(Supplied information Opens)

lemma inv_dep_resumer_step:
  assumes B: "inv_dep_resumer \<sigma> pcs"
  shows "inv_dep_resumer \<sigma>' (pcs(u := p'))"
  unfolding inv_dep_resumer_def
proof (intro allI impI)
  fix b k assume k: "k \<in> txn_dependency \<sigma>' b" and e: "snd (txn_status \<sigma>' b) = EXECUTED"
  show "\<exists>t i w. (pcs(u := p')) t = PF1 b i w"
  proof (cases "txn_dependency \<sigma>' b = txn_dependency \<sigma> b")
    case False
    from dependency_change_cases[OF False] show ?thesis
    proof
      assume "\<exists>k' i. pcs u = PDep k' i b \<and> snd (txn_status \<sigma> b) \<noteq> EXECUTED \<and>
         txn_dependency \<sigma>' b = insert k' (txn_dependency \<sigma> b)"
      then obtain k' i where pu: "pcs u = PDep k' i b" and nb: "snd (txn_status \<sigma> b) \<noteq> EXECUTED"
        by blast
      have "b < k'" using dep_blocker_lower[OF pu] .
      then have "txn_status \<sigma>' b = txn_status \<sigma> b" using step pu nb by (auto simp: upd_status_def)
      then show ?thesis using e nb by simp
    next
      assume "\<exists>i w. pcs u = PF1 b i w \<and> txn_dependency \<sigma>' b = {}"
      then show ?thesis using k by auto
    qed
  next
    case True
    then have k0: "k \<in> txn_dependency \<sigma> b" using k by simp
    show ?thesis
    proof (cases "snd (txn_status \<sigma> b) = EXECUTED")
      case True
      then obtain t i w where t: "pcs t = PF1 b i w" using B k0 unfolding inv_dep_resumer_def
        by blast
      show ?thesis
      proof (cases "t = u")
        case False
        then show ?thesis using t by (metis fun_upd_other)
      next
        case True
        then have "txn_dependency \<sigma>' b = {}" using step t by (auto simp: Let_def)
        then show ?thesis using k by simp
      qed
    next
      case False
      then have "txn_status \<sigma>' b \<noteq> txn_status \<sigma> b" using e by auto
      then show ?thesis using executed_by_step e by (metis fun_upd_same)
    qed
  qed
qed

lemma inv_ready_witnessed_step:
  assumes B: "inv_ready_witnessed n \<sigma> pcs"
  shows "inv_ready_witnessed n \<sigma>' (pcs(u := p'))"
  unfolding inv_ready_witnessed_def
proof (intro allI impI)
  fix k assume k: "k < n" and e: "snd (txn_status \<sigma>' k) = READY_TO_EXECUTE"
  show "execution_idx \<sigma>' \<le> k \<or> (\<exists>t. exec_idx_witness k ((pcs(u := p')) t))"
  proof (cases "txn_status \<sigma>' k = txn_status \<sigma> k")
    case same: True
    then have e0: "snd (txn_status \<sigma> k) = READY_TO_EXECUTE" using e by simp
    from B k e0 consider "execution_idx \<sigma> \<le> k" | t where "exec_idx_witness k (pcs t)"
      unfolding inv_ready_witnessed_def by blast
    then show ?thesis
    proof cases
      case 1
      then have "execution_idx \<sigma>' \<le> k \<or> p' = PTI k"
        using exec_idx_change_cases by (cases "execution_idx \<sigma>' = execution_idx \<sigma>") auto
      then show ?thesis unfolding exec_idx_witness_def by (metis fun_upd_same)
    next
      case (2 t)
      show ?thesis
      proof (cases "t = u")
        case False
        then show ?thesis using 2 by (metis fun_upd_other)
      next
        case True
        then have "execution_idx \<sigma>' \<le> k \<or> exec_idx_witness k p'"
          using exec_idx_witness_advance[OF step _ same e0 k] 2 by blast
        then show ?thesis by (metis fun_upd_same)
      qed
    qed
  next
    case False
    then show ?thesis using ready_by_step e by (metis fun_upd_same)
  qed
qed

(Supplied information Closes)
(Supplied information Opens)

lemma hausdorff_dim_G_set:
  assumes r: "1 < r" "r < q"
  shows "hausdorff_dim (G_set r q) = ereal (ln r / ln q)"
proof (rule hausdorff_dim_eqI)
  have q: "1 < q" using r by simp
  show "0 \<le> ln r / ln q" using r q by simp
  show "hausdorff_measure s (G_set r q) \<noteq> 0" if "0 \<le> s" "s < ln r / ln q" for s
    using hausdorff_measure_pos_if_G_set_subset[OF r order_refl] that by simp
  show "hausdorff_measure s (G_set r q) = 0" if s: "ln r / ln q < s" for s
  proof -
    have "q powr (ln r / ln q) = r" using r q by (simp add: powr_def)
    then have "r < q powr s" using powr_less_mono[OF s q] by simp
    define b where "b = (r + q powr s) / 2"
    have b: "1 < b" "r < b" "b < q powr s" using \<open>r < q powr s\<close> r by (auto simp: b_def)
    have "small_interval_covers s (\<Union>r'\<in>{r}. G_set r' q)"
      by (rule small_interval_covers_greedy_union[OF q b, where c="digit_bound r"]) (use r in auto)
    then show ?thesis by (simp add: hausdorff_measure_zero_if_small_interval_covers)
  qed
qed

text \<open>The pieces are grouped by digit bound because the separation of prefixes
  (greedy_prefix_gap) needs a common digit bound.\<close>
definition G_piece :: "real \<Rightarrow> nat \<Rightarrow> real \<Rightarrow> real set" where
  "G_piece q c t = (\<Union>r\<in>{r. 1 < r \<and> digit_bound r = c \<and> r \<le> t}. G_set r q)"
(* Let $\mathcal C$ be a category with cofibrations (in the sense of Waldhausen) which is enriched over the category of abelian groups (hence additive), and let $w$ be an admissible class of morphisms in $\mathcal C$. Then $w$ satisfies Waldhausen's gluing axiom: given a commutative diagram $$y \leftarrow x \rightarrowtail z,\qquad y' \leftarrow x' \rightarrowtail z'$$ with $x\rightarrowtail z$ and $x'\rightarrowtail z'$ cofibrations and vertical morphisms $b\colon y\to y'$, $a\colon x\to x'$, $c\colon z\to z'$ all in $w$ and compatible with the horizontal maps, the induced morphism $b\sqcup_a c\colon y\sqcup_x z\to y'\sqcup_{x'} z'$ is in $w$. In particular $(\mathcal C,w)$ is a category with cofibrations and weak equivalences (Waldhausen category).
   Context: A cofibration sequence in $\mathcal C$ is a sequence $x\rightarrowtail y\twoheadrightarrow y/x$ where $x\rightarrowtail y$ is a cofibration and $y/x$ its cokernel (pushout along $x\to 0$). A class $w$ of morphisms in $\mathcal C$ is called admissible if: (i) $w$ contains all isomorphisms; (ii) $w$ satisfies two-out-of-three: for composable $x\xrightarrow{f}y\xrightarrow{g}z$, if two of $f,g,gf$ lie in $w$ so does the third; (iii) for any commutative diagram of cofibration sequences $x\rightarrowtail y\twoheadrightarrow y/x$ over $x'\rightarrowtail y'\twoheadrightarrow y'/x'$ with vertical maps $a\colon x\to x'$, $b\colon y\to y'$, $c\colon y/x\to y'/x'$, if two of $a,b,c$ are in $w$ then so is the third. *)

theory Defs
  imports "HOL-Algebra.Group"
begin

(Supplied information Closes)

→ **What needs to be done**: Wherever the string "PDep" appears in the records, copy the whole line.

→ **Solution to this exercise**:
      assume "\<exists>k' i. pcs u = PDep k' i b \<and> snd (txn_status \<sigma> b) \<noteq> EXECUTED \<and>
      then obtain k' i where pu: "pcs u = PDep k' i b" and nb: "snd (txn_status \<sigma> b) \<noteq> EXECUTED"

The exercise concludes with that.